**Your goal**:
Your answer should be the lines from the one containing "using circuit_chain_long_circuit_through[OF assms(1)" through the final line below, copied exactly.

**Information**:

lemma circuit_chain_shift:
  assumes chain: "circuit_chain M C e e' (Suc k)"
  shows "circuit_chain (contract M (C 0 - {e 1, e' 1}))
           (\<lambda>i. C (Suc i)) (\<lambda>i. e (Suc i)) (\<lambda>i. e' (Suc i)) k"
proof -
  have inj: "inj_on e {1..Suc k}"
    and links: "\<forall>i\<in>{1..Suc k}. C (i - 1) \<inter> C i = {e i}"
    and pivots: "\<forall>i\<in>{1..Suc k}. e' i \<in> C (i - 1) - {e (i - 1), e i}"
    and circuits: "\<forall>i\<le>Suc k. circuit (contr_seq M C e e' i) (C i)"
    and "\<forall>i\<le>Suc k. card (C i) \<ge> 3"
    using chain unfolding circuit_chain_def by blast+
  then have "\<forall>i\<le>k. card (C (Suc i)) \<ge> 3"
    by simp
  moreover have "inj_on (\<lambda>i. e (Suc i)) {1..k}"
    using inj unfolding inj_on_def by fastforce
  moreover have "\<forall>i\<in>{1..k}. C (Suc (i - 1)) \<inter> C (Suc i) = {e (Suc i)}"
  proof
    fix i assume "i \<in> {1..k}"
    then have "Suc i \<in> {1..Suc k}" and i: "Suc (i - 1) = i"
      by auto
    then show "C (Suc (i - 1)) \<inter> C (Suc i) = {e (Suc i)}"
      using links[rule_format, of "Suc i"] unfolding i by simp
  qed
  moreover have "\<forall>i\<in>{1..k}. e' (Suc i) \<in> C (Suc (i - 1)) - {e (Suc (i - 1)), e (Suc i)}"
  proof
    fix i assume "i \<in> {1..k}"
    then have "Suc i \<in> {1..Suc k}" and i: "Suc (i - 1) = i"
      by auto
    then show "e' (Suc i) \<in> C (Suc (i - 1)) - {e (Suc (i - 1)), e (Suc i)}"
      using pivots[rule_format, of "Suc i"] unfolding i by simp
  qed
  moreover have "k \<ge> 1 \<longrightarrow> e (Suc 0) \<noteq> e (Suc 1)"
    using inj unfolding inj_on_def by fastforce
  moreover have "\<forall>i\<le>k. circuit (contr_seq (contract M (C 0 - {e 1, e' 1}))
      (\<lambda>i. C (Suc i)) (\<lambda>i. e (Suc i)) (\<lambda>i. e' (Suc i)) i) (C (Suc i))"
  proof (intro allI impI)
    fix i assume "i \<le> k"
    then have "circuit (contr_seq M C e e' (Suc i)) (C (Suc i))"
      using circuits[rule_format, of "Suc i"] by (simp del: contr_seq.simps)
    then show "circuit (contr_seq (contract M (C 0 - {e 1, e' 1}))
        (\<lambda>i. C (Suc i)) (\<lambda>i. e (Suc i)) (\<lambda>i. e' (Suc i)) i) (C (Suc i))"
      by (simp only: contr_seq_Suc_shift)
  qed
  ultimately show ?thesis
    using circuit_chain_first_link(8)[OF chain] unfolding circuit_chain_def by simp
qed

lemma circuit_chain_long_circuit_through:
  assumes "finite_matroid M" "circuit_chain M C e e' k"
  shows "\<exists>D. circuit M D \<and> e 0 \<in> D \<and> k + 2 \<le> card D"
  using assms
proof (induction k arbitrary: M C e e')
  case 0
  then have "circuit M (C 0)" "e 0 \<in> C 0" "3 \<le> card (C 0)"
    unfolding circuit_chain_def by auto
  then show ?case
    by fastforce
next
  case (Suc k)
  note link = circuit_chain_first_link[OF Suc.prems(2)]
  define M1 where "M1 = contract M (C 0 - {e 1, e' 1})"
  have "C 0 - {e 1, e' 1} \<subset> C 0"
    using link(3) by blast
  then have "finite_matroid M1"
    unfolding M1_def by (intro finite_matroid_contract[OF Suc.prems(1)] circuitD(3)[OF link(1)])
  then obtain D' where D': "circuit M1 D'" "e 1 \<in> D'" "k + 2 \<le> card D'"
    using Suc.IH circuit_chain_shift[OF Suc.prems(2)] unfolding M1_def by fastforce
  then obtain Z where "circuit M Z" "e 0 \<in> Z" "card D' + 1 \<le> card Z"
    using circuit_through_grows[OF Suc.prems(1) link(1,2,3,4,5,6,7)] unfolding M1_def by blast
  then show ?case
    using D'(3) by auto
qed

lemma circuit_chain_circuit_card_ge:
  assumes "finite_matroid M" "circuit_chain M C e e' k" "i \<le> k"
  shows "\<exists>D. circuit M D \<and> card (C i) \<le> card D"
  using assms
proof (induction k arbitrary: M C e e' i)
  case 0
  then have "circuit M (C i)"
    unfolding circuit_chain_def by auto
  then show ?case
    by blast
next
  case (Suc k)
  note link = circuit_chain_first_link[OF Suc.prems(2)]
  show ?case
  proof (cases i)
    case 0
    then show ?thesis
      using link(1) by blast
  next
    case (Suc j)
    define X where "X = C 0 - {e 1, e' 1}"
    have "X \<subset> C 0"
      using link(3) unfolding X_def by blast
    then have X: "indep M X"
      by (rule circuitD(3)[OF link(1)])
    then obtain D' where D': "circuit (contract M X) D'" "card (C i) \<le> card D'"
      using Suc.IH[OF finite_matroid_contract[OF Suc.prems(1) X]] circuit_chain_shift[OF Suc.prems(2)]
        Suc.prems(3) \<open>i = Suc j\<close> unfolding X_def by fastforce
    obtain D where "circuit M D" "D' \<subseteq> D"
      using circuit_contract_lift[OF Suc.prems(1) X D'(1)] by blast
    then show ?thesis
      using card_mono[OF circuit_finite[OF Suc.prems(1)]] D'(2) by (meson le_trans)
  qed
qed

lemma sqrt_sum_le_if_bounded:
  fixes a :: "nat \<Rightarrow> real"
  assumes "\<And>i. i \<le> k \<Longrightarrow> a i \<le> d" "real k + 1 \<le> d"
  shows "sqrt (\<Sum>i\<le>k. a i) \<le> d"
proof (rule real_le_lsqrt)
  show "0 \<le> d"
    using assms(2) by linarith
  have "(\<Sum>i\<le>k. a i) \<le> (\<Sum>i\<le>k. d)"
    by (rule sum_mono) (simp add: assms(1))
  also have "\<dots> = (real k + 1) * d"
    by simp
  also have "\<dots> \<le> d * d"
    using assms(2) \<open>0 \<le> d\<close> by (rule mult_right_mono)
  finally show "(\<Sum>i\<le>k. a i) \<le> d\<^sup>2"
    by (simp add: power2_eq_square)
qed

theorem corollary3p13:
  fixes M :: "'a matroid" and k :: nat and e e' :: "nat \<Rightarrow> 'a"
    and C :: "nat \<Rightarrow> 'a set"
  assumes "finite_matroid M"
    and "inj_on e {1..k}"
    and "\<forall>i\<le>k. C i \<subseteq> ground M"
    and "\<forall>i\<le>k. card (C i) \<ge> 3"
    and "\<forall>i\<in>{1..k}. C (i - 1) \<inter> C i = {e i}"
    and "\<forall>i\<le>k. \<forall>j\<le>k. i + 2 \<le> j \<longrightarrow> C i \<inter> C j = {}"
    and "e 0 \<in> C 0" and "k \<ge> 1 \<longrightarrow> e 0 \<noteq> e 1"
    and "\<forall>i\<in>{1..k}. e' i \<in> C (i - 1) - {e (i - 1), e i}"
    and "\<forall>i\<le>k. circuit (contr_seq M C e e' i) (C i)"
  shows "\<exists>D. circuit M D \<and> real (card D) \<ge> sqrt (\<Sum>i\<le>k. real (card (C i)))"
proof -
  have chain: "circuit_chain M C e e' k"
    unfolding circuit_chain_def using assms(2,4,5,7-10) by blast
  obtain D0 where D0: "circuit M D0" "k + 2 \<le> card D0"
    using circuit_chain_long_circuit_through[OF assms(1) chain] by blast
  obtain D where D: "circuit M D" and longest: "\<And>D'. circuit M D' \<Longrightarrow> card D' \<le> card D"
    using longest_circuit_exists[OF assms(1) D0(1)] by blast
  have "real k + 1 \<le> real (card D)"
    using longest[OF D0(1)] D0(2) by simp
  moreover have "real (card (C i)) \<le> real (card D)" if "i \<le> k" for i
    using circuit_chain_circuit_card_ge[OF assms(1) chain that] longest by fastforce
  ultimately have "sqrt (\<Sum>i\<le>k. real (card (C i))) \<le> real (card D)"
    by (intro sqrt_sum_le_if_bounded)
  then show ?thesis
    using D by blast
qed

end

**Task response**:
    using circuit_chain_long_circuit_through[OF assms(1) chain] by blast
  obtain D where D: "circuit M D" and longest: "\<And>D'. circuit M D' \<Longrightarrow> card D' \<le> card D"
    using longest_circuit_exists[OF assms(1) D0(1)] by blast
  have "real k + 1 \<le> real (card D)"
    using longest[OF D0(1)] D0(2) by simp
  moreover have "real (card (C i)) \<le> real (card D)" if "i \<le> k" for i
    using circuit_chain_circuit_card_ge[OF assms(1) chain that] longest by fastforce
  ultimately have "sqrt (\<Sum>i\<le>k. real (card (C i))) \<le> real (card D)"
    by (intro sqrt_sum_le_if_bounded)
  then show ?thesis
    using D by blast
qed

end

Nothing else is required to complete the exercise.